= Malcolm Morison, Lord Morison =

Scottish lawyer and judge

Alastair Malcolm Morison, Lord Morison (12 February 1931 – 31 July 2005) was a Scottish lawyer and judge. He was a Senator of the College of Justice in Scotland from 1985 to 1997.

== Biography ==
The son of Sir Ronald Peter Morison QC and the grandson of Thomas Morison, Lord Morison, Malcolm Morison was educated at Cargilfield School, Winchester College, and the University of Edinburgh. He was admitted to the Faculty of Advocates in 1956 and devilled to George Emslie, later Lord Emslie. At the bar, he was nicknamed "tiger" for his fierce advocacy. He became a Queen's Counsel in 1968.

Morison became a Senator of the College of Justice in 1985, taking the same judicial title as his grandfather. As a judge, he was often critical of the Scottish Executive.
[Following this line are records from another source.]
lemma step_mean_card:
  assumes "U \<subseteq> V"
  shows "step_mean (\<lambda>u v. real (card (take_type U u v))) = real (card U)"
proof -
  have "step_mean (\<lambda>u v. real (card (take_type U u v)))
      = step_mean (\<lambda>u v. real (card U) + card_change U u v)"
    using card_take_type[OF assms] edge_in_V by (intro step_mean_cong) blast
  also have "\<dots> = real (card U)"
    by (simp add: step_mean_add step_mean_const step_mean_antisym card_change_def)
  finally show ?thesis .
qed

definition transient :: "'a set \<Rightarrow> real" where
  "transient U = of_bool (U \<noteq> {} \<and> U \<noteq> V)"

lemma boundary_edge_exists:
  assumes "U \<subseteq> V" "U \<noteq> {}" "U \<noteq> V"
  obtains a b where "E a b" "a \<in> U" "b \<notin> U"
proof -
  obtain x y where x: "x \<in> U" and y: "y \<in> V" "y \<notin> U"
    using assms by blast
  have "E\<^sup>*\<^sup>* x y"
    using reachable x y assms by blast
  then have "y \<in> U \<or> (\<exists>a b. E a b \<and> a \<in> U \<and> b \<notin> U)"
    by (induction rule: rtranclp_induct) (use x in auto)
  then show ?thesis
    using y that by blast
qed

lemma step_mean_card_sq:
  assumes "U \<subseteq> V"
  shows "step_mean (\<lambda>u v. real (card (take_type U u v)) ^ 2)
           \<ge> real (card U) ^ 2 + transient U / real (card V) ^ 2"
proof -
  let ?c = "real (card U)" and ?d = "card_change U"
  have "step_mean (\<lambda>u v. real (card (take_type U u v)) ^ 2)
      = step_mean (\<lambda>u v. ?c ^ 2 + ((2 * ?c) * ?d u v + ?d u v ^ 2))"
    using card_take_type[OF assms] edge_in_V by (intro step_mean_cong) (simp add: power2_sum)
  also have "\<dots> = ?c ^ 2 + step_mean (\<lambda>u v. ?d u v ^ 2)"
    by (simp add: step_mean_add step_mean_cmult step_mean_const step_mean_antisym card_change_def)
  finally have expand: "step_mean (\<lambda>u v. real (card (take_type U u v)) ^ 2)
      = ?c ^ 2 + step_mean (\<lambda>u v. ?d u v ^ 2)" .
  have "transient U / real (card V) ^ 2 \<le> step_mean (\<lambda>u v. ?d u v ^ 2)"
  proof (cases "U \<noteq> {} \<and> U \<noteq> V")
    case True
    then obtain a b where ab: "E a b" "a \<in> U" "b \<notin> U"
      using boundary_edge_exists assms by blast
    then have "1 / real (card V) ^ 2 \<le> copy_weight a b * ?d a b ^ 2"
      using copy_weight_ge edge_in_V by (simp add: card_change_def)
    also have "\<dots> \<le> step_mean (\<lambda>u v. ?d u v ^ 2)"
      using ab(1) by (intro step_mean_ge_edge) simp
    finally show ?thesis
      using True by (simp add: transient_def)
  next
    case False
    then have "transient U = 0"
      by (simp add: transient_def)
    then show ?thesis
      by (simp add: step_mean_nonneg)
  qed
  then show ?thesis
    unfolding expand by simp
qed

abbreviation prob :: "'a set \<Rightarrow> nat \<Rightarrow> 'a set \<Rightarrow> real" where
  "prob S0 t T \<equiv> state_prob V E (1/2) 1 S0 t T"

definition mean_at :: "'a set \<Rightarrow> nat \<Rightarrow> ('a set \<Rightarrow> real) \<Rightarrow> real" where
  "mean_at S0 t h = (\<Sum>T\<in>Pow V. prob S0 t T * h T)"

lemma prob_nonneg: "prob S0 t T \<ge> 0"
  by (induction t arbitrary: T) (simp_all add: sum_nonneg mixed_trans_nonneg)

lemma mean_at_Suc:
  "mean_at S0 (Suc t) h = mean_at S0 t (\<lambda>U. step_mean (\<lambda>u v. h (take_type U u v)))"
proof -
  have "mean_at S0 (Suc t) h
      = (\<Sum>T\<in>Pow V. \<Sum>U\<in>Pow V. prob S0 t U * (mixed_trans V E (1/2) 1 U T * h T))"
    unfolding mean_at_def by (simp add: sum_distrib_right mult.assoc)
  also have "\<dots> = (\<Sum>U\<in>Pow V. prob S0 t U * (\<Sum>T\<in>Pow V. mixed_trans V E (1/2) 1 U T * h T))"
    by (subst sum.swap) (simp add: sum_distrib_left)
  also have "\<dots> = mean_at S0 t (\<lambda>U. step_mean (\<lambda>u v. h (take_type U u v)))"
    unfolding mean_at_def by (intro sum.cong refl) (simp add: mixed_trans_expectation)
  finally show ?thesis .
qed

lemma mean_at_cong: "(\<And>U. U \<subseteq> V \<Longrightarrow> f U = g U) \<Longrightarrow> mean_at S0 t f = mean_at S0 t g"
  unfolding mean_at_def by (intro sum.cong refl) auto

lemma mean_at_mono: "(\<And>U. U \<subseteq> V \<Longrightarrow> f U \<le> g U) \<Longrightarrow> mean_at S0 t f \<le> mean_at S0 t g"
  unfolding mean_at_def by (intro sum_mono mult_left_mono) (auto simp: prob_nonneg)

lemma mean_at_add: "mean_at S0 t (\<lambda>U. f U + g U) = mean_at S0 t f + mean_at S0 t g"
  unfolding mean_at_def by (simp add: sum.distrib algebra_simps)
He retired in 1997.

After his retirement, Lord Morison continued to sit in the High Court and the Court of Session as a retired judge until 2004, when he resigned in protest against the increased use of temporary judges, arguing that the practice undermined the independence of the judiciary. He also complained about the difficulty of claiming payment for his expenses.

Lord Morison died of cancer a year later, in 2005.